> **What you are asked to do**: Report the number of lines in these entries that contain "markov". Write only the number.

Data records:
════

lemma abs_potential_le:
  fixes P :: "real \<Rightarrow> 'e::metric_space \<Rightarrow> 'e measure" and g V :: "'e \<Rightarrow> real"
  assumes TS: "transition_semigroup P"
    and mus: "prob_space \<mu>s" "sets \<mu>s = sets borel"
    and c: "c > 0" "\<And>x. \<bar>g x\<bar> \<le> c" "\<And>x y. \<bar>g x - g y\<bar> \<le> c * dist x y"
    and V: "V \<in> borel_measurable borel" and \<gamma>: "\<gamma> > 0"
    and conv: "\<forall>\<nu>\<in>prob_measures. (\<integral>\<^sup>+x. ennreal (V x) \<partial>\<nu>) < \<infinity> \<longrightarrow>
                 (\<forall>t\<ge>0. d_FM (Pmeas P t \<nu>) \<mu>s \<le> C \<nu> * exp (- \<gamma> * t))"
    and C_dirac: "\<forall>x. C (return borel x) = \<kappa> * sqrt (V x + 1)"
  shows "\<bar>LBINT t:{0..}. Pfun P t (\<lambda>y. g y - integral\<^sup>L \<mu>s g) x\<bar> \<le> c * \<kappa> / \<gamma> * sqrt (V x + 1)"
proof -
  have "d_FM (P t x) \<mu>s \<le> \<kappa> * sqrt (V x + 1) * exp (- \<gamma> * t)" if "0 \<le> t" for t
    using conv[rule_format, of "return borel x" t] C_dirac Pmeas_return[OF TS that] that V
    by (simp add: prob_measures_def prob_space_return nn_integral_return)
  from abs_LBINT_Pfun_centered_le[OF TS mus c \<gamma> this] show ?thesis
    by (simp add: mult_ac)
qed

lemma square_add3_le:
  fixes x y z :: real
  shows "(x + y + z)\<^sup>2 \<le> 3 * (x\<^sup>2 + y\<^sup>2 + z\<^sup>2)"
proof -
  have "0 \<le> (x - y)\<^sup>2 + (x - z)\<^sup>2 + (y - z)\<^sup>2" by simp
  then show ?thesis by (simp add: power2_eq_square algebra_simps)
qed

lemma fourth_power_le_of_sqrt_bounds:
  fixes u v w K G a b :: real
  assumes u: "\<bar>u\<bar> \<le> K * sqrt (a + 1)" and v: "\<bar>v\<bar> \<le> K * sqrt (b + 1)" and w: "\<bar>w\<bar> \<le> G"
    and ab: "0 \<le> a" "0 \<le> b"
  shows "(u - v + w) ^ 4 \<le> 3 * (6 * K\<^sup>2 + 3 * G\<^sup>2)\<^sup>2 * (a\<^sup>2 + b\<^sup>2 + 1)"
proof -
  define D where "D = 6 * K\<^sup>2 + 3 * G\<^sup>2"
  have "u\<^sup>2 \<le> K\<^sup>2 * (a + 1)" "v\<^sup>2 \<le> K\<^sup>2 * (b + 1)" "w\<^sup>2 \<le> G\<^sup>2"
    using power_mono[OF u abs_ge_zero, of 2] power_mono[OF v abs_ge_zero, of 2]
      power_mono[OF w abs_ge_zero, of 2] ab
    by (simp_all add: power_mult_distrib)
  then have "(u - v + w)\<^sup>2 \<le> 3 * (K\<^sup>2 * (a + 1) + K\<^sup>2 * (b + 1) + G\<^sup>2)"
    using square_add3_le[of u "- v" w] by simp
  also have "\<dots> \<le> D * (a + b + 1)"
    using ab mult_left_mono[of 1 "a + b + 1" "G\<^sup>2"] mult_left_mono[of "a + 1" "a + b + 1" "K\<^sup>2"]
      mult_left_mono[of "b + 1" "a + b + 1" "K\<^sup>2"]
    by (simp add: D_def algebra_simps)
  finally have sq: "(u - v + w)\<^sup>2 \<le> D * (a + b + 1)" .
  have "(u - v + w) ^ 4 = ((u - v + w)\<^sup>2)\<^sup>2"
    by (simp flip: power_mult)
  also have "\<dots> \<le> (D * (a + b + 1))\<^sup>2"
    using sq by (intro power_mono) auto
  also have "\<dots> = D\<^sup>2 * (a + b + 1)\<^sup>2"
    by (simp add: power_mult_distrib)
  also have "\<dots> \<le> D\<^sup>2 * (3 * (a\<^sup>2 + b\<^sup>2 + 1))"
    using square_add3_le[of a b 1] by (intro mult_left_mono) simp_all
  finally show ?thesis
    by (simp add: D_def algebra_simps)
qed

lemma square_indicator_le_fourth_power:
  fixes f :: "'a \<Rightarrow> real"
  assumes "0 < e"
  shows "(f x)\<^sup>2 * indicator {x. \<bar>f x\<bar> \<ge> e} x \<le> (f x) ^ 4 / e\<^sup>2"
proof (cases "\<bar>f x\<bar> \<ge> e")
  case True
  then have "e\<^sup>2 * (f x)\<^sup>2 \<le> (f x)\<^sup>2 * (f x)\<^sup>2"
    using assms by (intro mult_right_mono) (auto simp: abs_le_square_iff[symmetric])
  then show ?thesis
    using True assms by (simp add: le_divide_eq mult.commute flip: power2_eq_square power_mult)
qed simp

lemma lindeberg_of_fourth_moment_bound:
  fixes Z :: "nat \<Rightarrow> 'a \<Rightarrow> real"
  assumes "prob_space M" and H: "\<And>i x. (Z (i + 1) x) ^ 4 \<le> H i x" "\<And>i. integrable M (H i)"
    "\<And>i. integral\<^sup>L M (H i) \<le> h" and \<epsilon>: "\<epsilon> > 0"
  shows "(\<lambda>n::nat. (1 / real n) * (\<Sum>i<n.
           \<integral>x. (Z (i + 1) x)\<^sup>2 * indicator {x. \<bar>Z (i + 1) x\<bar> \<ge> \<epsilon> * sqrt (real n)} x \<partial>M))
         \<longlonglongrightarrow> 0"
proof (rule Lim_null_comparison)
  show "(\<lambda>n. h / \<epsilon>\<^sup>2 * (1 / real n)) \<longlonglongrightarrow> 0"
    by (intro tendsto_mult_right_zero lim_inverse_n')
  have "norm ((1 / real n) * (\<Sum>i<n.
           \<integral>x. (Z (i + 1) x)\<^sup>2 * indicator {x. \<bar>Z (i + 1) x\<bar> \<ge> \<epsilon> * sqrt (real n)} x \<partial>M))
        \<le> h / \<epsilon>\<^sup>2 * (1 / real n)" if n: "1 \<le> n" for n
  proof -
    have e: "0 < \<epsilon> * sqrt (real n)" "(\<epsilon> * sqrt (real n))\<^sup>2 = \<epsilon>\<^sup>2 * real n"
      using \<epsilon> n by (auto simp: power_mult_distrib)
    have term_le: "\<bar>\<integral>x. (Z (i + 1) x)\<^sup>2 * indicator {x. \<bar>Z (i + 1) x\<bar> \<ge> \<epsilon> * sqrt (real n)} x \<partial>M\<bar>
        \<le> h / (\<epsilon>\<^sup>2 * real n)" for i
    proof -
      have "\<bar>\<integral>x. (Z (i + 1) x)\<^sup>2 * indicator {x. \<bar>Z (i + 1) x\<bar> \<ge> \<epsilon> * sqrt (real n)} x \<partial>M\<bar>
          \<le> (\<integral>x. H i x / (\<epsilon>\<^sup>2 * real n) \<partial>M)"
      proof (rule abs_integral_le_integral_AE)
        show "AE x in M. \<bar>(Z (i + 1) x)\<^sup>2 * indicator {x. \<bar>Z (i + 1) x\<bar> \<ge> \<epsilon> * sqrt (real n)} x\<bar>
            \<le> H i x / (\<epsilon>\<^sup>2 * real n)"
        proof (intro AE_I2)
          fix x
          have "(Z (i + 1) x)\<^sup>2 * indicator {x. \<bar>Z (i + 1) x\<bar> \<ge> \<epsilon> * sqrt (real n)} x
              \<le> (Z (i + 1) x) ^ 4 / (\<epsilon>\<^sup>2 * real n)"
            using square_indicator_le_fourth_power[OF e(1), of "Z (i + 1)"] e(2) by simp
          also have "\<dots> \<le> H i x / (\<epsilon>\<^sup>2 * real n)"
            using H(1) by (intro divide_right_mono) auto
          finally show "\<bar>(Z (i + 1) x)\<^sup>2 * indicator {x. \<bar>Z (i + 1) x\<bar> \<ge> \<epsilon> * sqrt (real n)} x\<bar>
              \<le> H i x / (\<epsilon>\<^sup>2 * real n)"
            by (simp add: indicator_def)
        qed
      qed (use H(2) in auto)
      also have "\<dots> \<le> h / (\<epsilon>\<^sup>2 * real n)"
        using H(3)[of i] e by (simp add: divide_right_mono)
      finally show ?thesis .
    qed
    have "norm ((1 / real n) * (\<Sum>i<n.
             \<integral>x. (Z (i + 1) x)\<^sup>2 * indicator {x. \<bar>Z (i + 1) x\<bar> \<ge> \<epsilon> * sqrt (real n)} x \<partial>M))
          \<le> (1 / real n) * (\<Sum>i<n. h / (\<epsilon>\<^sup>2 * real n))"
      unfolding real_norm_def abs_mult using term_le
      by (intro mult_mono order_trans[OF sum_abs sum_mono]) auto
    also have "\<dots> = h / \<epsilon>\<^sup>2 * (1 / real n)"
      using n by simp
    finally show ?thesis .
  qed
  then show "\<forall>\<^sub>F n in sequentially. norm ((1 / real n) * (\<Sum>i<n.
           \<integral>x. (Z (i + 1) x)\<^sup>2 * indicator {x. \<bar>Z (i + 1) x\<bar> \<ge> \<epsilon> * sqrt (real n)} x \<partial>M))
        \<le> h / \<epsilon>\<^sup>2 * (1 / real n)"
    by (rule eventually_sequentiallyI)
qed

theorem lemma3p11:
  fixes M :: "'w measure" and \<Psi> :: "real \<Rightarrow> 'w \<Rightarrow> 'e::polish_space"
    and P :: "real \<Rightarrow> 'e \<Rightarrow> 'e measure" and \<mu> \<mu>s :: "'e measure"
    and V :: "'e \<Rightarrow> real" and C :: "'e measure \<Rightarrow> real"
    and \<gamma> \<kappa> A B \<Gamma> :: real and g :: "'e \<Rightarrow> real"
  assumes markov: "markov_process M \<Psi> P"
    and init: "distr M borel (\<Psi> 0) = \<mu>"
    and V_cont: "continuous_on UNIV V" and V_nonneg: "\<forall>x. V x \<ge> 0"
    and feller: "\<forall>t\<ge>0. \<forall>f::'e \<Rightarrow> real. continuous_on UNIV f \<and> bounded (range f) \<longrightarrow>
                   continuous_on UNIV (Pfun P t f) \<and> bounded (range (Pfun P t f))"
    and inv: "invariant_measure P \<mu>s"
    and inv_unique: "\<forall>\<nu>. invariant_measure P \<nu> \<longrightarrow> \<nu> = \<mu>s"
    and \<gamma>_pos: "\<gamma> > 0"
    and C_nonneg: "\<forall>\<nu>\<in>prob_measures. (\<integral>\<^sup>+x. ennreal (V x) \<partial>\<nu>) < \<infinity> \<longrightarrow> C \<nu> \<ge> 0"
    and conv: "\<forall>\<nu>\<in>prob_measures. (\<integral>\<^sup>+x. ennreal (V x) \<partial>\<nu>) < \<infinity> \<longrightarrow>
                 (\<forall>t\<ge>0. d_FM (Pmeas P t \<nu>) \<mu>s \<le> C \<nu> * exp (- \<gamma> * t))"
    and \<kappa>_pos: "\<kappa> > 0"
    and C_dirac: "\<forall>x. C (return borel x) = \<kappa> * sqrt (V x + 1)"
    and AB: "A \<ge> 0" "B \<ge> 0" and \<Gamma>_pos: "\<Gamma> > 0"
    and lyap: "\<forall>t\<ge>0. \<forall>x. (\<integral>\<^sup>+y. ennreal ((V y)\<^sup>2) \<partial>(P t x))
                         \<le> ennreal (A * exp (- \<Gamma> * t) * (V x)\<^sup>2 + B)"
    and mom: "(\<integral>\<^sup>+x. ennreal ((V x)\<^sup>2) \<partial>\<mu>) < \<infinity>"
    and g_lip: "g \<in> Lip_b"
  shows "let gbar = (\<lambda>x. g x - integral\<^sup>L \<mu>s g);
             chi = (\<lambda>x. LBINT t:{0..}. Pfun P t gbar x);
             Z = (\<lambda>(n::nat) \<omega>. chi (\<Psi> (real n) \<omega>) - chi (\<Psi> (real n - 1) \<omega>)
                              + (LBINT s:{real n - 1..real n}. gbar (\<Psi> s \<omega>)))
         in \<forall>\<epsilon>>0. (\<lambda>n::nat. (1 / real n) * (\<Sum>i<n.
                  \<integral>\<omega>. (Z (i+1) \<omega>)\<^sup>2 * indicator {\<omega>. \<bar>Z (i+1) \<omega>\<bar> \<ge> \<epsilon> * sqrt (real n)} \<omega> \<partial>M))
              \<longlonglongrightarrow> 0"
proof -
  interpret prob_space M
    using markov unfolding markov_process_def by blast
  have TS: "transition_semigroup P"
    using markov unfolding markov_process_def by blast
  obtain c where c: "c > 0" "\<And>x. \<bar>g x\<bar> \<le> c" "\<And>x y. \<bar>g x - g y\<bar> \<le> c * dist x y"
    using Lip_bE[OF g_lip] by blast
  have mus: "prob_space \<mu>s" "sets \<mu>s = sets borel"
    using inv unfolding invariant_measure_def prob_measures_def by auto
  have V_meas: "V \<in> borel_measurable borel"
    using V_cont by (rule borel_measurable_continuous_onI)
  define gbar where "gbar = (\<lambda>x. g x - integral\<^sup>L \<mu>s g)"
  define chi where "chi = (\<lambda>x. LBINT t:{0..}. Pfun P t gbar x)"
  define Z where "Z = (\<lambda>(n::nat) \<omega>. chi (\<Psi> (real n) \<omega>) - chi (\<Psi> (real n - 1) \<omega>)
                              + (LBINT s:{real n - 1..real n}. gbar (\<Psi> s \<omega>)))"
  define D where "D = 6 * (c * \<kappa> / \<gamma>)\<^sup>2 + 3 * (2 * c)\<^sup>2"
  define H where "H = (\<lambda>(i::nat) \<omega>. 3 * D\<^sup>2 * ((V (\<Psi> (real i + 1) \<omega>))\<^sup>2 + (V (\<Psi> (real i) \<omega>))\<^sup>2 + 1))"
  have chi_le: "\<bar>chi x\<bar> \<le> c * \<kappa> / \<gamma> * sqrt (V x + 1)" for x
    unfolding chi_def gbar_def by (rule abs_potential_le[OF TS mus c V_meas \<gamma>_pos conv C_dirac])
  have "\<bar>gbar x\<bar> \<le> 2 * c" for x
    using c(2)[of x] abs_integral_le_const_prob[of \<mu>s g c, OF mus(1) c(2)] unfolding gbar_def by linarith
  then have int_le: "\<bar>LBINT s:{real i..real i + 1}. gbar (\<Psi> s \<omega>)\<bar> \<le> 2 * c" for i \<omega>
    using abs_LBINT_Icc_le[of "real i" "real i + 1"] by simp
  have Z_le: "(Z (i + 1) \<omega>) ^ 4 \<le> H i \<omega>" for i \<omega>
    using fourth_power_le_of_sqrt_bounds[OF chi_le[of "\<Psi> (real i + 1) \<omega>"] chi_le[of "\<Psi> (real i) \<omega>"]
        int_le V_nonneg[rule_format] V_nonneg[rule_format]]
    by (simp add: Z_def D_def H_def add.commute)
  note moments = markov_process_Lyapunov_moments[OF markov init V_meas AB less_imp_le[OF \<Gamma>_pos] lyap mom]
  define E where "E = A * (\<integral>\<omega>. (V (\<Psi> 0 \<omega>))\<^sup>2 \<partial>M) + B"
  have H_int: "integrable M (H i)" and H_le: "integral\<^sup>L M (H i) \<le> 3 * D\<^sup>2 * (2 * E + 1)" for i
    using moments[of "real i"] moments[of "real i + 1"]
    by (auto simp: H_def E_def prob_space intro!: mult_left_mono)
  show ?thesis
    unfolding Let_def
    using lindeberg_of_fourth_moment_bound[where Z=Z, OF prob_space_axioms Z_le H_int H_le]
    unfolding Z_def chi_def gbar_def by blast
qed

════

> **Written answer**: 4